Does airbyte currently support data extraction from oracle or sqlserver in avro format and get it loaded into aws S3.
Also I wanted to understand if airbyte support file movement into aws S3 from onpremise?
Thanks, Deepak
@dmdmishra yes, Airbyte has Oracle and SQL Server as source connector and you can add S3 AWS as the destination. AWS S3 connector only supports csv format, but parquet and other formats will be supported in the future.
Recommend to you read the quick start guide
Does airbyte currently support data extraction from oracle or sqlserver in avro format and get it loaded into aws S3.
@dmdmishra, we are working on the Avro format on S3 at this moment. Should have some updates there either late this week or early next week.
That's great news, I will hold on till I hear more from airbyte team.
Can I also check with you if after extraction of data can we perform data validation before we invest it into S3?
@dmdmishra, sorry about the delayed reply.
if after extraction of data can we perform data validation
We will create an Avro schema based on the Json schema of the Airbyte stream from the source. So if the source connector can provide a meaningful Json schema, it will be transformed into a relatively good Avro schema, and the record will be validated against it. The Avro schema is only "relatively" good, because not all Json schema can be mapped to an Avro schema, and the initial version probably won't support keywords like allOf
or oneOf
.
You can find the documentation about the schema conversion here:
(It is the s3.md
file in PR #3908.)
However, I am not sure if this answers your question. I think the validation will always pass, as long as the source connector does generate the data based on its Json schema.

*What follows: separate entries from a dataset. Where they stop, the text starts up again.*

(* Let $n\ge2$, $r\ge1$, $q_1,q_2\in\mathbb{C}$ with $q_1q_2\ne0$ and $q=-q_2/q_1$ not a root of unity, and $[n]_q=1+q+\cdots+q^{n-1}$. Then the rules $s_i\cdot(v_1\otimes\cdots\otimes v_r)=v_1\otimes\cdots\otimes v_{i+1}\otimes v_i\otimes\cdots\otimes v_r$ (swap of the $i$th and $(i+1)$st factors, $1\le i\le r-1$) and $p_j\cdot(v_1\otimes\cdots\otimes v_r)=v_1\otimes\cdots\otimes Pv_j\otimes\cdots\otimes v_r$ ($1\le j\le r$) extend to a well-defined structure of left $\mathcal{P}'_r([n]_q)$-module on $\mathbf{E}^{\otimes r}$.
   Context: $\mathbf{E}=\mathbb{C}^n$ with basis $e_1,\dots,e_n$; $P\in\operatorname{End}(\mathbf{E})$ is given by $Pe_j=q^{j-1}(e_1+\cdots+e_n)$. Partial permutations of $\{1,\dots,r\}$ are bijections $d:X\to Y$ between subsets $X=\mathrm{dom}(d)$, $Y=\mathrm{im}(d)$, written on the right and composed by $x(d_1\circ d_2)=(xd_1)d_2$. For $z\ne0$, $\mathcal{P}'_r(z)$ is the algebra with basis the partial permutations and product $d_1d_2=z^N(d_1\circ d_2)$, $N=r-|\mathrm{im}(d_1)\cup\mathrm{dom}(d_2)|$ (the subalgebra of the partition algebra spanned by partial-permutation diagrams). It is generated by $s_i$ (the permutation swapping $i,i+1$) and $p_j$ (the identity map of $\{1,\dots,r\}\setminus\{j\}$). *)

theory Defs
  imports Complex_Main
begin

text \<open>Basis of E^{tensor r}: words w of length r with letters in {0..<n};
  e_w = e_{w!0+1} (x) ... (x) e_{w!(r-1)+1}.  Operators on E^{tensor r} are
  represented by matrices indexed by such words.  Positions and letters are 0-based.\<close>

definition words :: "nat \<Rightarrow> nat \<Rightarrow> nat list set" where
  "words n r = {w. length w = r \<and> set w \<subseteq> {0..<n}}"

type_synonym tmat = "nat list \<Rightarrow> nat list \<Rightarrow> complex"

definition tmul :: "nat \<Rightarrow> nat \<Rightarrow> tmat \<Rightarrow> tmat \<Rightarrow> tmat" where
  "tmul n r A B = (\<lambda>w u. \<Sum>v\<in>words n r. A w v * B v u)"

definition tid :: tmat where
  "tid = (\<lambda>w u. if w = u then 1 else 0)"

definition tscale :: "complex \<Rightarrow> tmat \<Rightarrow> tmat" where
  "tscale c A = (\<lambda>w u. c * A w u)"

definition swap_op :: "nat \<Rightarrow> tmat" where
  "swap_op i = (\<lambda>w u. if w = u[i := u ! Suc i, Suc i := u ! i] then 1 else 0)"

text \<open>P e_b = q^b (e_0 + ... + e_{n-1}) (0-based letters), applied at factor j.\<close>
definition P_op :: "complex \<Rightarrow> nat \<Rightarrow> tmat" where
  "P_op q j = (\<lambda>w u. if length w = length u \<and> (\<forall>k<length u. k \<noteq> j \<longrightarrow> w ! k = u ! k)
                     then q ^ (u ! j) else 0)"

definition partial_perm :: "nat \<Rightarrow> (nat \<Rightarrow> nat option) \<Rightarrow> bool" where
  "partial_perm r d \<longleftrightarrow> dom d \<subseteq> {0..<r} \<and> ran d \<subseteq> {0..<r} \<and> inj_on d (dom d)"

Also not all sources will provide a meaningful Json schema. For example, data in mongo db is schemaless, and can be any json object. In those cases, no Avro schema can be generated, and the data cannot be validated. We are still thinking about how to support sources like that.
I want to sync s3 bucket and my use case is like many analytics provider (like segment) gives a facility to sync data on s3 and we can fetch that data using airbyte source-s3 for further computation
I want to sync s3 bucket and my use case is like many analytics provider (like segment) gives a facility to sync data on s3 and we can fetch that data using airbyte source-s3 for further computation
Hey @blotouta2, we already have a File source connector that can read from S3. Documentation here: https://docs.airbyte.io/integrations/sources/file
That should work for your use case.
@tuliren Source-File read only single file from any source whereas i want to sync whole s3 bucket . Source-file able to read path like s3://gdelt-open-data/events/20190914.export.csv requirement is like i want to sync path like s3://gdelt-open-data/events
I see. That makes sense. We will either make the File source connector be able to read multiple files or create a dedicated S3 source.
yes agree with the above would like to sync whole bucket so we can easily get a new file once added.
closed by https://github.com/airbytehq/airbyte/pull/4990. Issues exist for building in more file format support.
Hello team,
I believe it would be best if we can have an AWS S3 connector built in with Airbyte, it would open a lot of path for people who wants to build pipelines on top of AWS S3 and may perform data ingestion, run data science and ML in top of S3 directly.
Thanks